| DATA TO USE |
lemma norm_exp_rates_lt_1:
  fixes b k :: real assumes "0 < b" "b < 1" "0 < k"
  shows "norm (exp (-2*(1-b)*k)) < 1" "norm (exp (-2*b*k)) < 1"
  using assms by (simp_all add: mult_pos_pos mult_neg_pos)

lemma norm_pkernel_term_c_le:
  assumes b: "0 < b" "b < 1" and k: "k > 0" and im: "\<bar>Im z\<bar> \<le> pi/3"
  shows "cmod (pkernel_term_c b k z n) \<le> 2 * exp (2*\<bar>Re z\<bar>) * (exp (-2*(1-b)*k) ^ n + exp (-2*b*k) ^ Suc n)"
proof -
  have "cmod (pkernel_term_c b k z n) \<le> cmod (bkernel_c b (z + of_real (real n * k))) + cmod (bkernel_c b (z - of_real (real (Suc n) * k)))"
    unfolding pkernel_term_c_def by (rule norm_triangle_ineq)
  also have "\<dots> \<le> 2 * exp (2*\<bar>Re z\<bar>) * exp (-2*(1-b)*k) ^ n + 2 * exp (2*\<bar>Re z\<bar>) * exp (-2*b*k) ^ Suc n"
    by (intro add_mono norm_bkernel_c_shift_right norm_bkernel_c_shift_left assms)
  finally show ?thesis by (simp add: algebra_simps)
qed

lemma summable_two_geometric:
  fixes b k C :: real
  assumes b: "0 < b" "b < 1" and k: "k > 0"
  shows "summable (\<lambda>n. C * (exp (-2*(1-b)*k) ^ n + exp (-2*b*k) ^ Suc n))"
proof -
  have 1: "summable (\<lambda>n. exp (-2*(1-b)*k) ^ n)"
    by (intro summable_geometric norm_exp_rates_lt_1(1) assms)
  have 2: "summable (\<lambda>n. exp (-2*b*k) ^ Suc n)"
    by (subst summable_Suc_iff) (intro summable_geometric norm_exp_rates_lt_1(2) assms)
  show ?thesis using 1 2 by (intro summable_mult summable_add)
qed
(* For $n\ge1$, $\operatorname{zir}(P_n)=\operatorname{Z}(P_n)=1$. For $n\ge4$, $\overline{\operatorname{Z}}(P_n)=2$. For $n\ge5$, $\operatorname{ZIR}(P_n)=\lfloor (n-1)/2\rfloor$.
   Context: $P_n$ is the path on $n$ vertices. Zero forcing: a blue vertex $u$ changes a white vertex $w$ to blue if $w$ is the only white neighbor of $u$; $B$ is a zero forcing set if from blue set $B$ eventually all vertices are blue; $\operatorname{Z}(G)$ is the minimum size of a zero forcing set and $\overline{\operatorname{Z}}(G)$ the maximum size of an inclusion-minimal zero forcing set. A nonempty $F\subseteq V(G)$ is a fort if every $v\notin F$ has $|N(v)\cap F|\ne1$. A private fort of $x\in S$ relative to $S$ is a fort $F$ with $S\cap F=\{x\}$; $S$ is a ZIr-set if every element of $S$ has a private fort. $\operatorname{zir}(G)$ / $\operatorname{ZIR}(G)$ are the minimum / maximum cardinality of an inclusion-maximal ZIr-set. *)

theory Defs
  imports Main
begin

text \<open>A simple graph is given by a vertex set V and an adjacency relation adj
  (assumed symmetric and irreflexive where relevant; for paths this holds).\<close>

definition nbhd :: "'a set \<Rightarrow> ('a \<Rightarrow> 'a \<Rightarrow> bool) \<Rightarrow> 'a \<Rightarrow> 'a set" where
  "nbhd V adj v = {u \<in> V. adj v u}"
...
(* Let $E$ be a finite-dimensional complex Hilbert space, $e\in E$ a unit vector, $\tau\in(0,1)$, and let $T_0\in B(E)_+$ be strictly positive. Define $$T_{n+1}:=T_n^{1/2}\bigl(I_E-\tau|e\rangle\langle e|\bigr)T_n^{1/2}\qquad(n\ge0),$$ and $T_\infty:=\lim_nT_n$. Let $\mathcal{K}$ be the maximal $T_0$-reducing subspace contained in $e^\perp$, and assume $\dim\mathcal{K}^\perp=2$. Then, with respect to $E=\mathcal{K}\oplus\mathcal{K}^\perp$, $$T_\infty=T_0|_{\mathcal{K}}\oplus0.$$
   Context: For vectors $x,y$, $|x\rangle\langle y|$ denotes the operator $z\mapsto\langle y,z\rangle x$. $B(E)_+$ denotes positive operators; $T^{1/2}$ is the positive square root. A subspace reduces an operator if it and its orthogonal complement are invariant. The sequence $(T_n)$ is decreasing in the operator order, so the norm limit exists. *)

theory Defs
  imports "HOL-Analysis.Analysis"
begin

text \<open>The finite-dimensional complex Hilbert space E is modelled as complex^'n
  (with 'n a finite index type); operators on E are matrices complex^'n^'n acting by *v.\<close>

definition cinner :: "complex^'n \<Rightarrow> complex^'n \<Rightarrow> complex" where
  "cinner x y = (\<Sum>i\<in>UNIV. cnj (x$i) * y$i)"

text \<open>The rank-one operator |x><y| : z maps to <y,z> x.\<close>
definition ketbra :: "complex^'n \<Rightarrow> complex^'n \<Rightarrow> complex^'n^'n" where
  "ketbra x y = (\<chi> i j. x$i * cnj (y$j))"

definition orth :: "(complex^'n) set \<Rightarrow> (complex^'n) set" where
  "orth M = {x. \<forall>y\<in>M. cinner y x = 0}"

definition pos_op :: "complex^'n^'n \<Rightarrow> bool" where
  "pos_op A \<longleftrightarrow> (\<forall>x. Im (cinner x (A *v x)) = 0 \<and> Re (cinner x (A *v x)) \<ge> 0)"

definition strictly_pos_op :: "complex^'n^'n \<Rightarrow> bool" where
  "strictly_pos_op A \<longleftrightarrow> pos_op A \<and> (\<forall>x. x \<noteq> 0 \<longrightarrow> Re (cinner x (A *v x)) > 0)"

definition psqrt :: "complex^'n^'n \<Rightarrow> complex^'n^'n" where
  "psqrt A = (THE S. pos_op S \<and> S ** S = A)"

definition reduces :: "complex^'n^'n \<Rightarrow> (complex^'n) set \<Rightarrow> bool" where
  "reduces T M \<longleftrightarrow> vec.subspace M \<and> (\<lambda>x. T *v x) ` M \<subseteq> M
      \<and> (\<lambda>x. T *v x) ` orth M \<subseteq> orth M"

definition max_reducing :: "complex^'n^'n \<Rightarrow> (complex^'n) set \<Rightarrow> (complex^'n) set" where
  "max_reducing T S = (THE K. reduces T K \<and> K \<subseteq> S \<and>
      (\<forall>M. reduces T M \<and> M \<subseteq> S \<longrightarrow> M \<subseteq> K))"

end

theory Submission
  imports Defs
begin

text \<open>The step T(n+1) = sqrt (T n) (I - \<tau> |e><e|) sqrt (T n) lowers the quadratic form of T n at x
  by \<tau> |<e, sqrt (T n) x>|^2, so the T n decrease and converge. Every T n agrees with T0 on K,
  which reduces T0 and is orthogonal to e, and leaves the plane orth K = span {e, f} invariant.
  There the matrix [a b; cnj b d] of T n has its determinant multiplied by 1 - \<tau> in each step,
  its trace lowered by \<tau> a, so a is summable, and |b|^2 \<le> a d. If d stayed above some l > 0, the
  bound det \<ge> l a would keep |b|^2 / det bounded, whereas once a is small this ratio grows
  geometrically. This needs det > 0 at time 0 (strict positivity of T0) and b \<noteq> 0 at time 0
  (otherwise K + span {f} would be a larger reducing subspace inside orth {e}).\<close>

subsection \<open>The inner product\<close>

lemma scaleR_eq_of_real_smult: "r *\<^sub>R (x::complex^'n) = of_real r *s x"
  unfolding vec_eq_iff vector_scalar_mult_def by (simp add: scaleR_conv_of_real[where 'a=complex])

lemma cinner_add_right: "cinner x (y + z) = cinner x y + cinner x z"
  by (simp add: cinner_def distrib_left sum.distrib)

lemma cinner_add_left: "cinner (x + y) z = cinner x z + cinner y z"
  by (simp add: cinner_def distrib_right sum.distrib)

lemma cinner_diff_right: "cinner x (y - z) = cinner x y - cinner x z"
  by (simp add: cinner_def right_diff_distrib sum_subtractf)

| WORK REQUEST |
Every line of the records containing the word "orthogonal" must appear in the answer.

| SOLVED PROBLEM |
   Context: For vectors $x,y$, $|x\rangle\langle y|$ denotes the operator $z\mapsto\langle y,z\rangle x$. $B(E)_+$ denotes positive operators; $T^{1/2}$ is the positive square root. A subspace reduces an operator if it and its orthogonal complement are invariant. The sequence $(T_n)$ is decreasing in the operator order, so the norm limit exists. *)
  which reduces T0 and is orthogonal to e, and leaves the plane orth K = span {e, f} invariant.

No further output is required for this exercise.